The problem
Below are records; reproduce exactly the lines from the first through the one containing "integral I (\<lambda>x. f".

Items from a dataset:
━━━
(* Let $I\subset\mathbb R$ be an open interval, let $f:I\to\mathbb R$ be continuous and bounded from below, and let $g:\mathrm{Im}(f)\to\mathbb R$ be continuous. The following are equivalent: (1) $f''\le g(f)$ in the viscosity sense on $I$, i.e., for every $x\in I$ and every smooth $\varphi$ defined in a neighborhood of $x$ such that $\varphi-f$ has a local maximum at $x$, one has $\varphi''(x)\le g(f(x))$; (2) $f''\le g(f)$ in the sense of distributions on $I$, i.e., $\int f\varphi''\,dx\le\int g(f)\varphi\,dx$ for every $\varphi\in C^\infty_c(I)$ with $\varphi\ge0$; (3) $\overline D^2f(x)\le g(f(x))$ for every $x\in I$.
   Context: $\overline D^2f(x)=\limsup_{h\to0^+}\frac{f(x+h)+f(x-h)-2f(x)}{h^2}$. *)

theory Defs
  imports "HOL-Analysis.Analysis" "HOL-Library.Liminf_Limsup"
begin

definition smooth_on :: "real set \<Rightarrow> (real \<Rightarrow> real) \<Rightarrow> bool" where
  "smooth_on U \<phi> \<longleftrightarrow> (\<forall>n. \<forall>x\<in>U. ((deriv ^^ n) \<phi>) differentiable (at x))"

definition visc_super :: "real set \<Rightarrow> (real \<Rightarrow> real) \<Rightarrow> (real \<Rightarrow> real) \<Rightarrow> bool" where
  "visc_super I f g \<longleftrightarrow>
     (\<forall>x\<in>I. \<forall>\<phi> U. open U \<and> x \<in> U \<and> smooth_on U \<phi> \<and>
        (\<exists>e>0. \<forall>y\<in>U. \<bar>y - x\<bar> < e \<longrightarrow> \<phi> y - f y \<le> \<phi> x - f x)
        \<longrightarrow> deriv (deriv \<phi>) x \<le> g (f x))"

definition test_fun :: "real set \<Rightarrow> (real \<Rightarrow> real) \<Rightarrow> bool" where
  "test_fun I \<phi> \<longleftrightarrow> smooth_on UNIV \<phi> \<and> compact (closure {x. \<phi> x \<noteq> 0})
      \<and> closure {x. \<phi> x \<noteq> 0} \<subseteq> I"

definition distr_super :: "real set \<Rightarrow> (real \<Rightarrow> real) \<Rightarrow> (real \<Rightarrow> real) \<Rightarrow> bool" where
  "distr_super I f g \<longleftrightarrow>
     (\<forall>\<phi>. test_fun I \<phi> \<and> (\<forall>x. \<phi> x \<ge> 0) \<longrightarrow>
        integral I (\<lambda>x. f x * deriv (deriv \<phi>) x) \<le> integral I (\<lambda>x. g (f x) * \<phi> x))"

definition upper_D2 :: "(real \<Rightarrow> real) \<Rightarrow> real \<Rightarrow> ereal" where
  "upper_D2 f x = Limsup (at_right 0) (\<lambda>h. ereal ((f (x + h) + f (x - h) - 2 * f x) / h\<^sup>2))"

end

theory Submission
  imports Defs "HOL-Computational_Algebra.Polynomial"
begin

text \<open>All three conditions are equivalent to a fourth one about second differences:
  whenever \<open>g \<circ> f \<le> M\<close> on \<open>[c - h, c + h] \<subseteq> I\<close>, then \<open>f (c + h) + f (c - h) - 2 f c \<le> M h\<^sup>2\<close>.

  If this bound fails, subtracting from \<open>f\<close> the parabola \<open>M' (y - c)\<^sup>2 / 2\<close> (for some \<open>M' > M\<close>) and
  a chord leaves a function whose minimum on \<open>[c - h, c + h]\<close> is interior; so a parabola with second
  derivative \<open>M'\<close> touches \<open>f\<close> from below at an interior point \<open>x\<^sub>0\<close>, which contradicts both
  the viscosity inequality and \<open>D\<^sup>2f(x\<^sub>0) \<le> g (f x\<^sub>0)\<close>. Conversely, the bound on second differences
  gives the bound on the upper symmetric derivative directly, and the viscosity inequality
  because the second difference quotients of a smooth \<open>\<phi>\<close> converge to \<open>\<phi>''\<close>.

  For distributions, \<open>\<integral> f \<Delta>\<^sub>t\<^sup>2\<phi> = \<integral> \<phi> \<Delta>\<^sub>t\<^sup>2f\<close> and \<open>\<Delta>\<^sub>t\<^sup>2\<phi> / t\<^sup>2 \<rightarrow> \<phi>''\<close> uniformly turn the bound on second
  differences into the distributional inequality. Conversely, testing the distributional inequality
  against a smoothed hat function, whose second derivative approximates
  \<open>\<delta>\<^sub>c\<^sub>-\<^sub>h - 2 \<delta>\<^sub>c + \<delta>\<^sub>c\<^sub>+\<^sub>h\<close>, bounds the second difference of \<open>f - M (y - c)\<^sup>2 / 2\<close>, provided
  \<open>g \<circ> f \<le> M\<close> on a slightly larger interval; continuity of \<open>g \<circ> f\<close> then bounds \<open>D\<^sup>2f\<close>.\<close>

definition second_diff :: "(real \<Rightarrow> real) \<Rightarrow> real \<Rightarrow> real \<Rightarrow> real" where
  "second_diff f x h = f (x + h) + f (x - h) - 2 * f x"

definition second_diff_super :: "real set \<Rightarrow> (real \<Rightarrow> real) \<Rightarrow> (real \<Rightarrow> real) \<Rightarrow> bool" where
  "second_diff_super I f k \<longleftrightarrow>
     (\<forall>c h M. 0 < h \<and> {c - h..c + h} \<subseteq> I \<and> (\<forall>y\<in>{c - h..c + h}. k y \<le> M)
        \<longrightarrow> second_diff f c h \<le> M * h\<^sup>2)"

lemma second_diff_affine:
  assumes "0 \<le> h" "\<And>y. y \<in> {x - h..x + h} \<Longrightarrow> F y = \<alpha> + \<beta> * y"
  shows "second_diff F x h = 0"
  using assms by (simp add: second_diff_def algebra_simps)

lemma second_diff_quadratic: "second_diff (\<lambda>y. M / 2 * (y - c)\<^sup>2) c h = M * h\<^sup>2"
  by (simp add: second_diff_def power2_eq_square field_simps)

subsection \<open>Smooth functions given by their sequence of derivatives\<close>

definition deriv_seq :: "(nat \<Rightarrow> real \<Rightarrow> real) \<Rightarrow> bool" where
  "deriv_seq D \<longleftrightarrow> (\<forall>n x. (D n has_real_derivative D (Suc n) x) (at x))"

lemma deriv_seqD: "deriv_seq D \<Longrightarrow> (D n has_real_derivative D (Suc n) x) (at x)"
  by (simp add: deriv_seq_def)

lemma higher_deriv_deriv_seq:
  assumes "deriv_seq D"
  shows "(deriv ^^ n) (D 0) = D n"
proof (induction n)
  case (Suc n)
  show ?case
    by (rule ext) (simp add: Suc DERIV_imp_deriv[OF deriv_seqD[OF assms]])
qed simp

lemma smooth_on_deriv_seq: "deriv_seq D \<Longrightarrow> smooth_on U (D 0)"
  unfolding smooth_on_def by (auto simp: higher_deriv_deriv_seq real_differentiable_def dest: deriv_seqD)

lemma deriv2_deriv_seq: "deriv_seq D \<Longrightarrow> deriv (deriv (D 0)) = D 2"
  using higher_deriv_deriv_seq[of D 2] by (simp add: numeral_2_eq_2)

lemma deriv_seq_antiderivative:
  assumes "deriv_seq D" "\<And>x. (F has_real_derivative D 0 x) (at x)"
  shows "deriv_seq (\<lambda>n. case n of 0 \<Rightarrow> F | Suc m \<Rightarrow> D m)"
  unfolding deriv_seq_def
proof (intro allI)
  fix n x
  show "((case n of 0 \<Rightarrow> F | Suc m \<Rightarrow> D m) has_real_derivative
      (case Suc n of 0 \<Rightarrow> F | Suc m \<Rightarrow> D m) x) (at x)"
    using assms by (cases n) (auto dest: deriv_seqD)
qed

lemma deriv_seq_affine_change:
  assumes "deriv_seq D"
  shows "deriv_seq (\<lambda>n y. a * b ^ n * D n (b * y + p))"
  unfolding deriv_seq_def
proof (intro allI)
  fix n x
  have "((\<lambda>y. D n (b * y + p)) has_real_derivative D (Suc n) (b * x + p) * b) (at x)"
    by (rule DERIV_chain2[OF deriv_seqD[OF assms]]) (auto intro!: derivative_eq_intros)
  then show "((\<lambda>y. a * b ^ n * D n (b * y + p)) has_real_derivative a * b ^ Suc n * D (Suc n) (b * x + p)) (at x)"
    by (auto intro!: derivative_eq_intros simp: algebra_simps)
qed

lemma deriv_seq_shift: "deriv_seq D \<Longrightarrow> deriv_seq (\<lambda>n y. D n (y - p))"
  using deriv_seq_affine_change[of D 1 1 "- p"] by simp

lemma deriv_seq_second_diff:
  assumes "deriv_seq D"
  shows "deriv_seq (\<lambda>n y. second_diff (D n) (y - c) h)"
proof -
  have shift: "deriv_seq (\<lambda>n y. D n (y + p))" for p
    using deriv_seq_affine_change[OF assms, of 1 1 p] by simp
  show ?thesis
    unfolding deriv_seq_def second_diff_def
    using shift[of "h - c"] shift[of "- h - c"] shift[of "- c"]
    by (auto intro!: derivative_eq_intros simp: deriv_seq_def algebra_simps)
qed

lemma smooth_on_quadratic:
  fixes A B M x0 :: real
  defines "q \<equiv> \<lambda>y. A + B * (y - x0) + M / 2 * (y - x0)\<^sup>2"
  shows "smooth_on U q" and "deriv (deriv q) x = M"
proof -
  define D :: "nat \<Rightarrow> real \<Rightarrow> real" where
    "D n = (case n of 0 \<Rightarrow> q | Suc 0 \<Rightarrow> (\<lambda>y. B + M * (y - x0)) | Suc (Suc 0) \<Rightarrow> (\<lambda>_. M) | _ \<Rightarrow> (\<lambda>_. 0))"
    for n
  have seq: "deriv_seq D"
    unfolding deriv_seq_def D_def q_def
    by (auto split: nat.split intro!: derivative_eq_intros)
  have "D 0 = q" by (simp add: D_def)
  then show "smooth_on U q" "deriv (deriv q) x = M"
    using smooth_on_deriv_seq[OF seq] deriv2_deriv_seq[OF seq] by (simp_all add: D_def numeral_2_eq_2)
qed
━━━
Output for this exercise
(* Let $I\subset\mathbb R$ be an open interval, let $f:I\to\mathbb R$ be continuous and bounded from below, and let $g:\mathrm{Im}(f)\to\mathbb R$ be continuous. The following are equivalent: (1) $f''\le g(f)$ in the viscosity sense on $I$, i.e., for every $x\in I$ and every smooth $\varphi$ defined in a neighborhood of $x$ such that $\varphi-f$ has a local maximum at $x$, one has $\varphi''(x)\le g(f(x))$; (2) $f''\le g(f)$ in the sense of distributions on $I$, i.e., $\int f\varphi''\,dx\le\int g(f)\varphi\,dx$ for every $\varphi\in C^\infty_c(I)$ with $\varphi\ge0$; (3) $\overline D^2f(x)\le g(f(x))$ for every $x\in I$.
   Context: $\overline D^2f(x)=\limsup_{h\to0^+}\frac{f(x+h)+f(x-h)-2f(x)}{h^2}$. *)

theory Defs
  imports "HOL-Analysis.Analysis" "HOL-Library.Liminf_Limsup"
begin

definition smooth_on :: "real set \<Rightarrow> (real \<Rightarrow> real) \<Rightarrow> bool" where
  "smooth_on U \<phi> \<longleftrightarrow> (\<forall>n. \<forall>x\<in>U. ((deriv ^^ n) \<phi>) differentiable (at x))"

definition visc_super :: "real set \<Rightarrow> (real \<Rightarrow> real) \<Rightarrow> (real \<Rightarrow> real) \<Rightarrow> bool" where
  "visc_super I f g \<longleftrightarrow>
     (\<forall>x\<in>I. \<forall>\<phi> U. open U \<and> x \<in> U \<and> smooth_on U \<phi> \<and>
        (\<exists>e>0. \<forall>y\<in>U. \<bar>y - x\<bar> < e \<longrightarrow> \<phi> y - f y \<le> \<phi> x - f x)
        \<longrightarrow> deriv (deriv \<phi>) x \<le> g (f x))"

definition test_fun :: "real set \<Rightarrow> (real \<Rightarrow> real) \<Rightarrow> bool" where
  "test_fun I \<phi> \<longleftrightarrow> smooth_on UNIV \<phi> \<and> compact (closure {x. \<phi> x \<noteq> 0})
      \<and> closure {x. \<phi> x \<noteq> 0} \<subseteq> I"

definition distr_super :: "real set \<Rightarrow> (real \<Rightarrow> real) \<Rightarrow> (real \<Rightarrow> real) \<Rightarrow> bool" where
  "distr_super I f g \<longleftrightarrow>
     (\<forall>\<phi>. test_fun I \<phi> \<and> (\<forall>x. \<phi> x \<ge> 0) \<longrightarrow>
        integral I (\<lambda>x. f x * deriv (deriv \<phi>) x) \<le> integral I (\<lambda>x. g (f x) * \<phi> x))"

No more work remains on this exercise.